- Exercise description:
Scan the entries below for the word "longleftrightarrow". Copy out every line in which it occurs.

- Data section:
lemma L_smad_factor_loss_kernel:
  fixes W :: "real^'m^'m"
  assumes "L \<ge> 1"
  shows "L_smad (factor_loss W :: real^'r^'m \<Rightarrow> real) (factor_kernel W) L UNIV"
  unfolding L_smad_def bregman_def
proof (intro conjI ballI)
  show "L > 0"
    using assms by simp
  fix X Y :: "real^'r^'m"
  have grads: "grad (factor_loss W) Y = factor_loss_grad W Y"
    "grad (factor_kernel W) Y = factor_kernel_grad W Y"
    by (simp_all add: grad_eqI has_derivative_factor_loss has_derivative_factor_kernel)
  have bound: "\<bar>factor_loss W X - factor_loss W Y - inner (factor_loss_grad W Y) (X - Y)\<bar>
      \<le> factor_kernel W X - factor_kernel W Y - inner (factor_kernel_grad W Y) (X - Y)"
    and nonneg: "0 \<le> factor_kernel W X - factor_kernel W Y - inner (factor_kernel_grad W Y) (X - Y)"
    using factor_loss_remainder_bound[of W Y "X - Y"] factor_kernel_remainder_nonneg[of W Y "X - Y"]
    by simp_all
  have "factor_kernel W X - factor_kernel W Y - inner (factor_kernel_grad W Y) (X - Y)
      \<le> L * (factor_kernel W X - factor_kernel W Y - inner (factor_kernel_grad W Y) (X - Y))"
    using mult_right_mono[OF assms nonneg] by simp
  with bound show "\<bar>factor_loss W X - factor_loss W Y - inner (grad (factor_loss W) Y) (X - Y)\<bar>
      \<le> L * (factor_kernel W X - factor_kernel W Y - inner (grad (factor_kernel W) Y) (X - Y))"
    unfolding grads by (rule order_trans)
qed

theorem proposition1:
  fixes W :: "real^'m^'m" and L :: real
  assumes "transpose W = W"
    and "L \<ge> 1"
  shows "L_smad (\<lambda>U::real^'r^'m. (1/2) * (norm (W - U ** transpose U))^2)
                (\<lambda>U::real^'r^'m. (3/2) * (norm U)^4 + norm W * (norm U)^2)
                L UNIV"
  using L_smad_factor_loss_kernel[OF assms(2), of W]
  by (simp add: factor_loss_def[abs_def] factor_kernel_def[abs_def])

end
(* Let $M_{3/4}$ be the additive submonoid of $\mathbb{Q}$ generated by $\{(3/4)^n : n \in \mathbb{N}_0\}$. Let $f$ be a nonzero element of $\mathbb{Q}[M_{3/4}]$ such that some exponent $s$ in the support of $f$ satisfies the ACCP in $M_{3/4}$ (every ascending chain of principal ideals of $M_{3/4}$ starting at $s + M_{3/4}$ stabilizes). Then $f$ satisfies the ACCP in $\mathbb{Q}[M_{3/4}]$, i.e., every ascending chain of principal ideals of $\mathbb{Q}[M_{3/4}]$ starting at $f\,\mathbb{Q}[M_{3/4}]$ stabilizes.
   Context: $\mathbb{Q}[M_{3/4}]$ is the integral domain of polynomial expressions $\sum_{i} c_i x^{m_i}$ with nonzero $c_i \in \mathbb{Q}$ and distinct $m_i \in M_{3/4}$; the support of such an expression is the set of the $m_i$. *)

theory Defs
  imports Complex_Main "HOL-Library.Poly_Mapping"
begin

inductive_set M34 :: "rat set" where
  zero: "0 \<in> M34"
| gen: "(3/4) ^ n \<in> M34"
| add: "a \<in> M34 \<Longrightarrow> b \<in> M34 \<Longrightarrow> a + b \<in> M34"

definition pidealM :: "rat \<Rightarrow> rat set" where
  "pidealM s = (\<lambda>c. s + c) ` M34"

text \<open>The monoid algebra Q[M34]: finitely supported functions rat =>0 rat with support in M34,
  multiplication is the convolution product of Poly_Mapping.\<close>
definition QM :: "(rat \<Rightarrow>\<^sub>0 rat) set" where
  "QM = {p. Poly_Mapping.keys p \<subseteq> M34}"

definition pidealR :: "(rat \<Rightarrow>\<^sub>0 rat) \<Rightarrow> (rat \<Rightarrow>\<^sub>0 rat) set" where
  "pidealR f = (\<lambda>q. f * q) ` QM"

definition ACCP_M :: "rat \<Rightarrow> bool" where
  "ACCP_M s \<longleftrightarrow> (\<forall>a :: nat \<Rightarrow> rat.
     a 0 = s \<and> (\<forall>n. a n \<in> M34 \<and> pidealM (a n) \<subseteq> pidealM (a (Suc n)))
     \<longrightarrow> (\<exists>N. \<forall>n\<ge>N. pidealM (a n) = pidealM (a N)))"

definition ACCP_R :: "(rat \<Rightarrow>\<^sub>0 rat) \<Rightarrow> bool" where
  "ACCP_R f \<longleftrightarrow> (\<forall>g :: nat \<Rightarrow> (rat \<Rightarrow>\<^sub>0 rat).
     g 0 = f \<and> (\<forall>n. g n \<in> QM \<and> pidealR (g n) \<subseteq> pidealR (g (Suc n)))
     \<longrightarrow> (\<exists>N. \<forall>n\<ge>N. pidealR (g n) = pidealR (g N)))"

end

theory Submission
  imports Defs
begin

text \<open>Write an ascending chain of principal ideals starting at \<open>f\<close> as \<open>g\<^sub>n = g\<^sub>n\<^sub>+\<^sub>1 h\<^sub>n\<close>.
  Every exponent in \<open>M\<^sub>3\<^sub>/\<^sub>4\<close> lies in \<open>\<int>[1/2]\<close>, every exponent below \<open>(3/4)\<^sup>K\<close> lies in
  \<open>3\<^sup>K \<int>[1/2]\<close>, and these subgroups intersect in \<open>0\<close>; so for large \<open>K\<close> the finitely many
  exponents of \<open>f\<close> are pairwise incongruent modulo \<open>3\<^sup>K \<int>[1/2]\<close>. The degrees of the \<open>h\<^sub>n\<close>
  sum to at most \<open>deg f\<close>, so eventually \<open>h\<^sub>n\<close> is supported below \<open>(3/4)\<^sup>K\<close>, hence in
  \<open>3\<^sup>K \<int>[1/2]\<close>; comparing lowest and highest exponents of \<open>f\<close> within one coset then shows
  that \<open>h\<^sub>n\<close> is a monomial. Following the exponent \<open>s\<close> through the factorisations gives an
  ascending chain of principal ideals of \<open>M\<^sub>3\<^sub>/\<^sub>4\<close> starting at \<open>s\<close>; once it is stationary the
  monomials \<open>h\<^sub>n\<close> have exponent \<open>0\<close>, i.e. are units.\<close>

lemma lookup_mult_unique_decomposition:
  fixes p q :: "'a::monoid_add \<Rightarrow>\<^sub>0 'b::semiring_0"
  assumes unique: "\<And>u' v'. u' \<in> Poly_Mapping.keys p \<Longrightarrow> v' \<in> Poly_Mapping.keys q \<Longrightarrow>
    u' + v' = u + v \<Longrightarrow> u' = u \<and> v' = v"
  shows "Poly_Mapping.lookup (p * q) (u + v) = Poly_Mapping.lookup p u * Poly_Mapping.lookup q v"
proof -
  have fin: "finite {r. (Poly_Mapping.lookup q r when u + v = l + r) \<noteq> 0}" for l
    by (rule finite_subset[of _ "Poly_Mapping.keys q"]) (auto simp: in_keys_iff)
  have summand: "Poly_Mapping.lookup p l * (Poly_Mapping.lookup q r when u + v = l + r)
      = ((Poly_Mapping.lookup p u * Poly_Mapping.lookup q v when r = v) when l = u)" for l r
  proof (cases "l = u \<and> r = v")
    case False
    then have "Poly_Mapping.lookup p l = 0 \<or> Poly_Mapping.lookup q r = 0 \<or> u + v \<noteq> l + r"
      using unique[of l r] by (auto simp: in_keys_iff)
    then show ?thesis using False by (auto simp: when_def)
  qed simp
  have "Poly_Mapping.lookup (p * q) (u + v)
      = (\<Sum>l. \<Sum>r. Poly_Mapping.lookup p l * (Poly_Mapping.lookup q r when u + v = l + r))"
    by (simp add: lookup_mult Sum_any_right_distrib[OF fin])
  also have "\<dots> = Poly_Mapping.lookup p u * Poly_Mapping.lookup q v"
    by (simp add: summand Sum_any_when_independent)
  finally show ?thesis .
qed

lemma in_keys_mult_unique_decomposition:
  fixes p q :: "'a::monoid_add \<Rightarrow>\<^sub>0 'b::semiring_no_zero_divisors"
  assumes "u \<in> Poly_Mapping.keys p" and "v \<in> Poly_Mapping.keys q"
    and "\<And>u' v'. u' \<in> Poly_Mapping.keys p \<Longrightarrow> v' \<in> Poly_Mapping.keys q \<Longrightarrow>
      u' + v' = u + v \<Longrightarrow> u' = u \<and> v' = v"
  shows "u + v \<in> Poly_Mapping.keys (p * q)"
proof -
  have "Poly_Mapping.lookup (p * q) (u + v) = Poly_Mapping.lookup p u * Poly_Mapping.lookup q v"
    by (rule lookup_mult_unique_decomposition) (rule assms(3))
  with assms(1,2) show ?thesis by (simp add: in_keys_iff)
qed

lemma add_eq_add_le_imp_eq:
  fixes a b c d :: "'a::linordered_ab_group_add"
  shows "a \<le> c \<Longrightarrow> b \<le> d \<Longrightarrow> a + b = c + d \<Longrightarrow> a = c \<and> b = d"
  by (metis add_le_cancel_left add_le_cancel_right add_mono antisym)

- Result of this exercise:
  "ACCP_M s \<longleftrightarrow> (\<forall>a :: nat \<Rightarrow> rat.
  "ACCP_R f \<longleftrightarrow> (\<forall>g :: nat \<Rightarrow> (rat \<Rightarrow>\<^sub>0 rat).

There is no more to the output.